Since the high-speed train is symmetrical along the y axis, the side force on the leading car and middle carriages can be ignored. Due to the vortex shedding in the wake flow, strong asymmetric characteristics could be observed in the wake flow, and strong fluctuation of side force could be found on the trailing car [2,6], which affects severely the amenity of the train. Figure 16 shows the time histories of coefficients of the side force (Cs) of the four models. It is clear that the side force on tails of four models vibrates about zero and the time-averaged value approaches zero in spite of large amplitude. The smallest amplitude of Cs on TP2 is about 0.072 while the largest amplitude of Cs on the TP4 is about 0.1. The amplitude of TP1 and of TP4 are 0.085 and 0.075, respectively.

For a high-speed train with eight carriages, the length of the train is 60 times larger than its height, indicating that the flow has already been fully turbulent when the boundary layer develops as far as to the trailing car. Prominent flow separation could be found on the streamlined trailing, resulting in complicated vortex shedding in the wake. Figure 17 exhibits the contour of vorticity at a particular cross section (X = 95 m) around the last bogie in the trailing car at different timesteps for the four models. As shown in Figure 17, the train body is surrounded by vortices with distinct sizes and intensity. Moreover, the vortices at both sides of the train are asymmetrical. As time changes, the sizes and intensity of vortices alter continuously, exhibiting apparent unsteady features. Specifically, TP2 owns the shortest nose and this section does change too much from the constant cross section of the main body. As a result, flow separation for TP2 is not that drastic so the sizes of vortices are rather small. On the contrary, TP4 which has the longest nose generates the strongest and largest vortices, since its streamlined shape changes so dramatically at this section that the flow separation magnifies. TP1 and TP3 both have the same length of nose. The section of the former is nearly elliptical, making large vortices mainly scatter at both sides of the train. However, the section of the latter is almost wide-flat, leading to the emergence of large vortices on top of the train. These phenomena also explain why the side force vibration movement of TP1 is greater than that of TP3.

Figure 18 shows surface streamlines on the trailing car at different timesteps.

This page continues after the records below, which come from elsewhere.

text \<open>The windows \<open>[x + j/2, x + j/2 + 1/2)\<close> are disjoint, so their masses add up to at most
  twice the length of the interval.\<close>

lemma sum_half_avg_indicator_le:
  assumes ab: "a \<le> b"
  shows "(\<Sum>j\<le>k. half_avg (indicator {a<..b}) (x + real j / 2)) \<le> ennreal (2 * (b - a))"
proof -
  define f where "f u = (indicator {a<..b} (x + u/2) :: ennreal)" for u :: real
  have [measurable]: "f \<in> borel_measurable borel" unfolding f_def by measurable
  have window: "half_avg (indicator {a<..b}) (x + real j / 2) = (\<integral>\<^sup>+u. f u * indicator {real j..<real j + 1} u \<partial>lborel)" for j
  proof -
    have "(\<integral>\<^sup>+u. f u * indicator {real j..<real j + 1} u \<partial>lborel)
        = (\<integral>\<^sup>+w. f (real j + w) * indicator {real j..<real j + 1} (real j + w) \<partial>lborel)"
      using nn_integral_real_affine[of "\<lambda>u. f u * indicator {real j..<real j + 1} u" 1 "real j"] by simp
    also have "\<dots> = half_avg (indicator {a<..b}) (x + real j / 2)"
      unfolding half_avg_def f_def by (auto intro!: nn_integral_cong simp: indicator_def add_divide_distrib add_ac)
    finally show ?thesis by simp
  qed
  have "(\<Sum>j\<le>k. half_avg (indicator {a<..b}) (x + real j / 2))
      = (\<integral>\<^sup>+u. f u * (\<Sum>j\<le>k. indicator {real j..<real j + 1} u) \<partial>lborel)"
    unfolding window by (subst nn_integral_sum[symmetric]) (measurable, simp add: sum_distrib_left)
  also have "\<dots> \<le> (\<integral>\<^sup>+u. f u \<partial>lborel)"
    using mult_left_mono[OF sum_indicator_unit_intervals_le_1] by (intro nn_integral_mono) force
  also have "(\<integral>\<^sup>+u. f u \<partial>lborel) = (ennreal 2 * ennreal (1/2)) * (\<integral>\<^sup>+u. f u \<partial>lborel)"
    by (subst ennreal_mult[symmetric]; simp)
  also have "ennreal 2 * ennreal (1/2) * (\<integral>\<^sup>+u. f u \<partial>lborel) = ennreal 2 * ennreal (b - a)"
    using nn_integral_lborel_half_scale[of "indicator {a<..b}" x] ab by (simp add: f_def mult.assoc)
  also have "ennreal 2 * ennreal (b - a) = ennreal (2 * (b - a))"
    using ab by (subst ennreal_mult[symmetric]) auto
  finally show ?thesis .
qed

lemma unit_avg_funpow_le_1:
  assumes [measurable]: "g \<in> borel_measurable borel" and "\<And>x. g x \<le> 1"
  shows "(unit_avg ^^ k) g c \<le> 1"
proof (induction k arbitrary: c)
  case 0 then show ?case using assms by simp
next
  case (Suc k)
  have "(unit_avg ^^ Suc k) g c = (\<integral>\<^sup>+v. (unit_avg ^^ k) g (c + v) * indicator {0..<1} v \<partial>lborel)"
    by (simp add: unit_avg_def)
  also have "\<dots> \<le> (\<integral>\<^sup>+v. 1 * indicator {0..<1::real} v \<partial>lborel)"
    by (intro nn_integral_mono mult_right_mono Suc.IH) auto
  finally show ?case by simp
qed

lemma unit_avg_funpow_indicator_le:
  assumes ab: "a \<le> b" and k: "k \<ge> 1"
  shows "(unit_avg ^^ k) (indicator {a<..b}) c \<le> ennreal ((1/2)^k * real (k choose (k div 2)) * (2 * (b - a)))"
proof -
  obtain m where km: "k = Suc m" using k by (cases k) auto
  let ?G = "half_avg (indicator {a<..b})"
  have "(\<Sum>j\<le>k. of_nat (k choose j) * (half_avg ^^ m) ?G (c + real j / 2))
      \<le> of_nat (k choose (k div 2)) * ennreal (2 * (b - a))"
  proof (rule half_avg_funpow_shift_sum_le)
    fix x
    have "(\<Sum>j\<le>k. of_nat (k choose j) * ?G (x + real j / 2)) \<le> (\<Sum>j\<le>k. of_nat (k choose (k div 2)) * ?G (x + real j / 2))"
      by (intro sum_mono mult_right_mono) (auto simp: binomial_maximum)
    also have "\<dots> \<le> of_nat (k choose (k div 2)) * ennreal (2 * (b - a))"
      unfolding sum_distrib_left[symmetric] by (intro mult_left_mono sum_half_avg_indicator_le ab) auto
    finally show "(\<Sum>j\<le>k. of_nat (k choose j) * ?G (x + real j / 2)) \<le> of_nat (k choose (k div 2)) * ennreal (2 * (b - a))" .
  qed auto
  moreover have "(half_avg ^^ k) (indicator {a<..b}) = (half_avg ^^ m) ?G"
    unfolding km by (simp add: funpow_Suc_right del: funpow.simps)
  ultimately have "(unit_avg ^^ k) (indicator {a<..b}) c \<le> ennreal ((1/2)^k) * (of_nat (k choose (k div 2)) * ennreal (2 * (b - a)))"
    by (subst unit_avg_funpow_expand) (auto intro: mult_left_mono)
  also have "\<dots> = ennreal ((1/2)^k * real (k choose (k div 2)) * (2 * (b - a)))"
    using ab by (simp add: ennreal_mult ennreal_of_nat_eq_real_of_nat mult.assoc)
  finally show ?thesis .
qed

section \<open>The central binomial coefficient\<close>

lemma central_binomial_Suc_eq: "(Suc (Suc (2*m)) choose Suc m) = 2 * (Suc (2*m) choose m)"
proof -
  have "Suc (Suc (2*m)) * (Suc (2*m) choose m) = (Suc (Suc (2*m)) choose Suc m) * Suc m"
    by (rule Suc_times_binomial_eq)
  then have "2 * (Suc (2*m) choose m) * Suc m = (Suc (Suc (2*m)) choose Suc m) * Suc m"
    by (simp add: mult_ac del: binomial_Suc_Suc)
  then show ?thesis by (simp only: mult_cancel2) simp
qed

lemma central_binomial_Suc_mult:
  "(Suc (Suc (2*m)) choose Suc m) * Suc m = 2 * ((2*m + 1) * ((2*m) choose m))"
proof -
  have "Suc (2*m) * ((2*m) choose m) = (Suc (2*m) choose Suc m) * Suc m"
    by (rule Suc_times_binomial_eq)
  moreover have "(Suc (2*m) choose Suc m) = (Suc (2*m) choose m)"
    using binomial_symmetric[of "Suc m" "Suc (2*m)"] by simp
  ultimately show ?thesis
    unfolding central_binomial_Suc_eq by (simp del: binomial_Suc_Suc)
qed
(* Let $a,b,\beta\in\mathbb{C}$, $\theta\in(-\pi/2,\pi/2)$, and let $f_0,f_1$ be solutions of $$f'(x)+\Big(1-\frac{\beta}{x}\Big)f(x)=x^{-2}+af(x)^2+bf(x)^3$$ on the ray $\{x=re^{i\theta}:r\ge r_0\}$ (differentiable along the ray, with $f'=e^{-i\theta}\,\tfrac{d}{dr}$), such that $f_0(x)\to0$ and $f_1(x)\to0$ as $x\to\infty$ along the ray. Then there is a constant $C\in\mathbb{C}$ such that $f_1(x)-f_0(x)=e^{-x}x^{\beta}\big(C+o(1)\big)$ as $x\to\infty$ along the ray (principal branch of $x^\beta$). Moreover, if $C=0$ then $f_1=f_0$ for all sufficiently large $x$ on the ray. *)

theory Defs
  imports "HOL-Analysis.Analysis"
begin

definition ray_pt :: "real \<Rightarrow> real \<Rightarrow> complex" where
  "ray_pt \<theta> r = complex_of_real r * exp (\<i> * complex_of_real \<theta>)"

definition ray_solution ::
  "complex \<Rightarrow> complex \<Rightarrow> complex \<Rightarrow> real \<Rightarrow> real \<Rightarrow> (complex \<Rightarrow> complex) \<Rightarrow> bool" where
  "ray_solution a b \<beta> \<theta> r0 f \<longleftrightarrow>
     (\<forall>r\<ge>r0. \<exists>d. ((\<lambda>s. f (ray_pt \<theta> s)) has_vector_derivative d) (at r within {r0..}) \<and>
        (let x = ray_pt \<theta> r in
          exp (- \<i> * complex_of_real \<theta>) * d + (1 - \<beta> / x) * f x
            = x powi (-2) + a * (f x)^2 + b * (f x)^3))"

end

theory Submission
  imports Defs
begin

(* Along the ray put g(r) = f(r e^{i theta}); the equation becomes
   g' = e^{i theta} (x^-2 - g + (beta/x + a g + b g^2) g).  Since Re e^{i theta} = cos theta > 0,
   the linear part damps, and a Gronwall argument for |g|^2 shows that every solution tending
   to 0 is O(r^-2).  The quotient Phi = (f1 - f0) / (e^-x x^beta) then solves the linear equation
   Phi' = kappa Phi with kappa = e^{i theta} (a (f1 + f0) + b (f1^2 + f1 f0 + f0^2)) = O(r^-2).
   Integrability of kappa traps |Phi(t)|^2 between exp(-2L/s) |Phi(s)|^2 and exp(2L/s) |Phi(s)|^2
   for t >= s: so Phi is bounded, Phi' is integrable and Phi has a limit C, and if C = 0 the
   lower bound forces Phi(s) = 0 for all large s. *)

lemma gronwall_exp_bound:
  fixes N N' \<phi> \<phi>' :: "real \<Rightarrow> real"
  assumes N: "\<And>x. s \<le> x \<Longrightarrow> (N has_real_derivative N' x) (at x)"
    and \<phi>: "\<And>x. s \<le> x \<Longrightarrow> (\<phi> has_real_derivative \<phi>' x) (at x)"
    and N'_le: "\<And>x. s \<le> x \<Longrightarrow> N' x \<le> \<phi>' x * N x"
    and "s \<le> t"
  shows "N t \<le> N s * exp (\<phi> t - \<phi> s)"
proof -
  define u where "u x = N x * exp (- \<phi> x)" for x
  have "u t \<le> u s"
  proof (rule DERIV_nonpos_imp_nonincreasing[OF \<open>s \<le> t\<close>])
    fix x assume "s \<le> x" "x \<le> t"
    have "(u has_real_derivative (N' x - \<phi>' x * N x) * exp (- \<phi> x)) (at x)"
      unfolding u_def[abs_def] using N[OF \<open>s \<le> x\<close>] \<phi>[OF \<open>s \<le> x\<close>]
      by (auto intro!: derivative_eq_intros simp: algebra_simps)
    moreover have "(N' x - \<phi>' x * N x) * exp (- \<phi> x) \<le> 0"
      using N'_le[OF \<open>s \<le> x\<close>] by (simp add: mult_nonpos_nonneg)
    ultimately show "\<exists>y. (u has_real_derivative y) (at x) \<and> y \<le> 0" by blast
  qed
  then show ?thesis unfolding u_def by (simp add: exp_diff exp_minus field_simps)
qed

lemma has_real_derivative_norm_squared:
  fixes g :: "real \<Rightarrow> complex"
  assumes "(g has_vector_derivative D) (at t)"
  shows "((\<lambda>t. (cmod (g t))\<^sup>2) has_real_derivative 2 * Re (D * cnj (g t))) (at t)"
proof -
  have "((\<lambda>t. Re (g t * cnj (g t))) has_real_derivative Re (g t * cnj D + D * cnj (g t))) (at t)"
    by (intro derivative_intros assms)
  moreover have "Re (g t * cnj D + D * cnj (g t)) = 2 * Re (D * cnj (g t))"
    by (simp add: algebra_simps)
  ultimately show ?thesis
    by (simp add: complex_norm_square[symmetric] del: of_real_power)
qed

lemma convergent_at_top_if_Cauchy_bound:
  fixes F :: "real \<Rightarrow> 'a::complete_space"
  assumes "\<And>s t. s0 \<le> s \<Longrightarrow> s \<le> t \<Longrightarrow> dist (F t) (F s) \<le> A / s"
  shows "\<exists>C. (F \<longlongrightarrow> C) at_top"
proof -
  have "cauchy_filter (filtermap F at_top)"
    unfolding cauchy_filter_metric_filtermap
  proof (intro allI impI)
    fix e :: real assume "e > 0"
    define S where "S = max s0 (\<bar>A\<bar> / e + 1)"
    have close: "dist (F x) (F y) < e" if "S \<le> y" "y \<le> x" for x y
    proof -
      have "0 \<le> \<bar>A\<bar> / e" using \<open>e > 0\<close> by simp
      then have "\<bar>A\<bar> / e < y" "0 < y" using that unfolding S_def by linarith+
      then have "A / y < e"
        using \<open>e > 0\<close> by (simp add: divide_less_eq mult.commute abs_less_iff)
      with assms[of y x] that show ?thesis unfolding S_def by simp
    qed
    have "dist (F x) (F y) < e" if "S \<le> x" "S \<le> y" for x y
      using close[of y x] close[of x y] that by (cases "y \<le> x") (auto simp: dist_commute)
    then show "\<exists>P. eventually P at_top \<and> (\<forall>x y. P x \<and> P y \<longrightarrow> dist (F x) (F y) < e)"
      by (intro exI[of _ "\<lambda>x. S \<le> x"]) auto
  qed
  then show ?thesis
    using cauchy_filter_convergent by (auto simp: convergent_filter_iff filterlim_def)
qed

lemma convergent_at_top_if_deriv_bound:
  fixes F F' :: "real \<Rightarrow> 'a::banach"
  assumes "s0 > 0"
    and F': "\<And>t. s0 \<le> t \<Longrightarrow> (F has_vector_derivative F' t) (at t)"
    and bound: "\<And>t. s0 \<le> t \<Longrightarrow> norm (F' t) \<le> A / t\<^sup>2"
  shows "\<exists>C. (F \<longlongrightarrow> C) at_top"
proof (rule convergent_at_top_if_Cauchy_bound)
  fix s t assume "s0 \<le> s" "s \<le> t"
  have "0 \<le> A / s0\<^sup>2" using bound[of s0] norm_ge_zero order_trans by blast
  then have "A \<ge> 0" using \<open>s0 > 0\<close> by (simp add: zero_le_divide_iff)
  have "s > 0" using \<open>s0 > 0\<close> \<open>s0 \<le> s\<close> by linarith
  have "norm (F t - F s) \<le> - A / t - - A / s"
  proof (cases "s = t")
    case False
    then have "s < t" using \<open>s \<le> t\<close> by simp
    show ?thesis
    proof (rule differentiable_bound_general[OF \<open>s < t\<close>, where f' = F' and \<phi>' = "\<lambda>x. A / x\<^sup>2"])
      show "continuous_on {s..t} F"
        using F' \<open>s0 \<le> s\<close>
        by (meson atLeastAtMost_iff continuous_at_imp_continuous_on
            has_vector_derivative_continuous order_trans)
      show "continuous_on {s..t} (\<lambda>x. - A / x)"
        using \<open>s > 0\<close> by (intro continuous_intros) auto
      fix x assume "s < x" "x < t"
      then show "(F has_vector_derivative F' x) (at x)" "norm (F' x) \<le> A / x\<^sup>2"
        using F' bound \<open>s0 \<le> s\<close> by auto
      show "((\<lambda>x. - A / x) has_vector_derivative A / x\<^sup>2) (at x)"
        using \<open>s < x\<close> \<open>s > 0\<close> unfolding has_real_derivative_iff_has_vector_derivative[symmetric]
        by (auto intro!: derivative_eq_intros simp: power2_eq_square)
    qed
  qed simp
  also have "\<dots> \<le> A / s" using \<open>A \<ge> 0\<close> \<open>s \<le> t\<close> \<open>s > 0\<close> by simp
  finally show "dist (F t) (F s) \<le> A / s" by (simp add: dist_norm)
qed

lemma eventually_exp_neg_le_inverse_power:
  fixes k :: real
  assumes "k > 0"
  shows "\<forall>\<^sub>F t in at_top. exp (- (k * t)) \<le> 1 / t ^ n"
proof -
  have "((\<lambda>t. (k * t) ^ n / exp (k * t)) \<longlongrightarrow> 0) at_top"
    by (rule filterlim_compose[OF tendsto_power_div_exp_0])
      (rule filterlim_tendsto_pos_mult_at_top[OF tendsto_const assms filterlim_ident])
  from tendsto_divide[OF this tendsto_const[of "k ^ n"]]
  have "((\<lambda>t. t ^ n * exp (- (k * t))) \<longlongrightarrow> 0) at_top"
    using assms by (simp add: exp_minus field_simps)
  then have "\<forall>\<^sub>F t in at_top. t ^ n * exp (- (k * t)) < 1"
    by (rule order_tendstoD(2)) simp
  then show ?thesis
    using eventually_gt_at_top[of 0]
    by eventually_elim (simp add: field_simps)
qed

lemma inverse_power4_supersolution:
  fixes k A w w' x :: real
  assumes "k > 0" "8 / k \<le> x" and w': "w' \<le> - k * w + A / x ^ 4"
  shows "w' + 4 * (2 * \<bar>A\<bar> / k) / x ^ 5 \<le> - k * (w - 2 * \<bar>A\<bar> / k / x ^ 4)"
proof -
  define M where "M = 2 * \<bar>A\<bar> / k"
  have "M \<ge> 0" using \<open>k > 0\<close> unfolding M_def by simp
  have "8 / k > 0" using \<open>k > 0\<close> by simp
  then have "x > 0" using assms(2) by linarith
  have "4 / x \<le> k / 2" using assms(2) \<open>x > 0\<close> \<open>k > 0\<close> by (simp add: field_simps)
  then have "(4 / x) * (M / x ^ 4) \<le> (k / 2) * (M / x ^ 4)"
    using \<open>M \<ge> 0\<close> \<open>x > 0\<close> by (intro mult_right_mono) auto
  moreover have "A / x ^ 4 \<le> (k / 2) * (M / x ^ 4)"
    using \<open>k > 0\<close> \<open>x > 0\<close> by (simp add: M_def divide_right_mono)
  moreover have "4 * M / x ^ 5 = (4 / x) * (M / x ^ 4)"
    using \<open>x > 0\<close> by (simp add: field_simps eval_nat_numeral)
  moreover have "- k * (w - M / x ^ 4) = - k * w + 2 * ((k / 2) * (M / x ^ 4))"
    by (simp add: algebra_simps)
  ultimately show ?thesis using w' unfolding M_def[symmetric] by linarith
qed

lemma decay_of_differential_inequality:
  fixes w w' :: "real \<Rightarrow> real"
  assumes "k > 0"
    and "\<forall>\<^sub>F t in at_top. (w has_real_derivative w' t) (at t) \<and> w' t \<le> - k * w t + A / t ^ 4"
  shows "\<exists>K. \<forall>\<^sub>F t in at_top. w t \<le> K / t ^ 4"
proof -
  obtain s where "s \<ge> 8 / k" and s:
    "\<And>t. s \<le> t \<Longrightarrow> (w has_real_derivative w' t) (at t) \<and> w' t \<le> - k * w t + A / t ^ 4"
    using eventually_conj[OF assms(2) eventually_ge_at_top[of "8 / k"]]
    unfolding eventually_at_top_linorder by blast
  have "8 / k > 0" using \<open>k > 0\<close> by simp
  then have "s > 0" using \<open>s \<ge> 8 / k\<close> by linarith
  define M where "M = 2 * \<bar>A\<bar> / k"
  define W where "W t = w t - M / t ^ 4" for t
  have W_bound: "W t \<le> W s * exp (- k * t - - k * s)" if "s \<le> t" for t
  proof (rule gronwall_exp_bound[OF _ _ _ that, where N' = "\<lambda>x. w' x + 4 * M / x ^ 5"])
    fix x assume "s \<le> x"
    then have "x > 0" using \<open>s > 0\<close> by linarith
    show "(W has_real_derivative w' x + 4 * M / x ^ 5) (at x)"
      unfolding W_def[abs_def] using s[OF \<open>s \<le> x\<close>] \<open>x > 0\<close>
      by (auto intro!: derivative_eq_intros simp: field_simps eval_nat_numeral)
    show "((\<lambda>x. - k * x) has_real_derivative - k) (at x)"
      by (auto intro!: derivative_eq_intros)
    show "w' x + 4 * M / x ^ 5 \<le> - k * W x"
      using inverse_power4_supersolution[OF \<open>k > 0\<close> _ conjunct2[OF s[OF \<open>s \<le> x\<close>]]]
        \<open>s \<ge> 8 / k\<close> \<open>s \<le> x\<close> unfolding W_def M_def by simp
  qed
  define Y where "Y = max 0 (W s * exp (k * s))"
  have "\<forall>\<^sub>F t in at_top. w t \<le> (M + Y) / t ^ 4"
    using eventually_ge_at_top[of s] eventually_exp_neg_le_inverse_power[OF \<open>k > 0\<close>, of 4]
  proof eventually_elim
    case (elim t)
    then have "t > 0" using \<open>s > 0\<close> by linarith
    have "W t \<le> W s * exp (k * s) * exp (- (k * t))"
      using W_bound[OF \<open>s \<le> t\<close>] by (simp add: mult.assoc exp_add[symmetric])
    also have "\<dots> \<le> Y * (1 / t ^ 4)"
      unfolding Y_def using elim(2) by (intro mult_mono) auto
    finally show ?case unfolding W_def by (simp add: add_divide_distrib)
  qed
  then show ?thesis by blast
qed

lemma Re_damped_mult_cnj_le:
  fixes p g q \<kappa> :: complex
  assumes "Re \<kappa> > 0" "cmod p \<le> P" "cmod q \<le> Re \<kappa> / 2"
  shows "2 * Re ((p - \<kappa> * g + q * g) * cnj g) \<le> - (Re \<kappa> / 2) * (cmod g)\<^sup>2 + 2 * P\<^sup>2 / Re \<kappa>"
proof -
  define c where "c = Re \<kappa>"
  define G where "G = cmod g"
  have "(p - \<kappa> * g + q * g) * cnj g = p * cnj g + (q - \<kappa>) * of_real (G\<^sup>2)"
    unfolding G_def complex_norm_square by (simp add: algebra_simps)
  then have "Re ((p - \<kappa> * g + q * g) * cnj g) = Re (p * cnj g + (q - \<kappa>) * of_real (G\<^sup>2))"
    by simp
  also have "\<dots> = Re (p * cnj g) - c * G\<^sup>2 + Re q * G\<^sup>2"
    unfolding c_def by (simp del: of_real_power add: algebra_simps)
  finally have "Re ((p - \<kappa> * g + q * g) * cnj g) = Re (p * cnj g) - c * G\<^sup>2 + Re q * G\<^sup>2" .
  moreover have "Re (p * cnj g) \<le> P * G"
  proof -
    have "Re (p * cnj g) \<le> cmod p * G"
      using complex_Re_le_cmod[of "p * cnj g"] unfolding G_def by (simp add: norm_mult)
    also have "\<dots> \<le> P * G"
      using assms(2) unfolding G_def by (intro mult_right_mono) auto
    finally show ?thesis .
  qed
  moreover have "Re q * G\<^sup>2 \<le> c / 2 * G\<^sup>2"
    using complex_Re_le_cmod[of q] assms(3) unfolding c_def by (intro mult_right_mono) auto
  moreover have "2 * (P * G) \<le> c / 2 * G\<^sup>2 + 2 * P\<^sup>2 / c"
  proof -
    have "0 \<le> (c * G - 2 * P)\<^sup>2 / (2 * c)" using assms(1) unfolding c_def by simp
    also have "\<dots> = c / 2 * G\<^sup>2 + 2 * P\<^sup>2 / c - 2 * (P * G)"
      using assms(1) unfolding c_def by (simp add: power2_diff field_simps power2_eq_square)
    finally show ?thesis by simp
  qed
  ultimately show ?thesis unfolding c_def G_def by linarith
qed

Two distinct separation lines can be found on the streamlined nose region and their positions develop as time flows by, showing remarkable unsteady characteristics for the generation and detachment of vortices. Since the vortices at both sides of the trailing nose repeatedly generate and detach from the surface, the separation lines sway about the central axis. Taking TP3 as an example, as Figure 17 and Figure 18 show, at t = 1 s S2 is far from the central line while S1 is closer to the center, generating a peak for the side force of the trailing car. Afterwards when it comes to t = 1.5 s, the situation is quite the other way around as compared to t = 1 s, leaving the side force of the trailing car down in the trough. At t = 2 s S1 and S2 are basically symmetrical along the central axis, hence the side force of the trailing car tends to be zero. This example further sheds light on the fact that the side force of the trailing car is induced by the asymmetrical development of trailing vortices by a wide margin. In contrast with other models, TP3 have longer distance between the separation lines and the central axis, indicating that smaller vortices will be generated, so that the amplitude of the side force of the trailing car will be lower, too. The flow separation around the trailing streamline of TP4 is the most complicated. The separation lines are firstly generated around the cab window and possess the longest tracks covering the major upper surface of the train, indicating that the trailing vortices generate and then detach from the upper surface, which could lead to the enlargement of side force amplitude. TP2, on the other hand, has the shortest nose and the shortest separation lines, generating vortices of smaller sizes and creating better conditions to minimize side force magnitude. Compared with TP3, TP1 has separation lines much closer to the center, giving rise to larger vortices and larger magnitude of side force as well. Therefore, the wide-flat streamlined structure is prone to amplification of the side force of the trailing car while the single-arch ellipsoid streamlined structure is better at reducing the magnitude of the side force of the trailing car.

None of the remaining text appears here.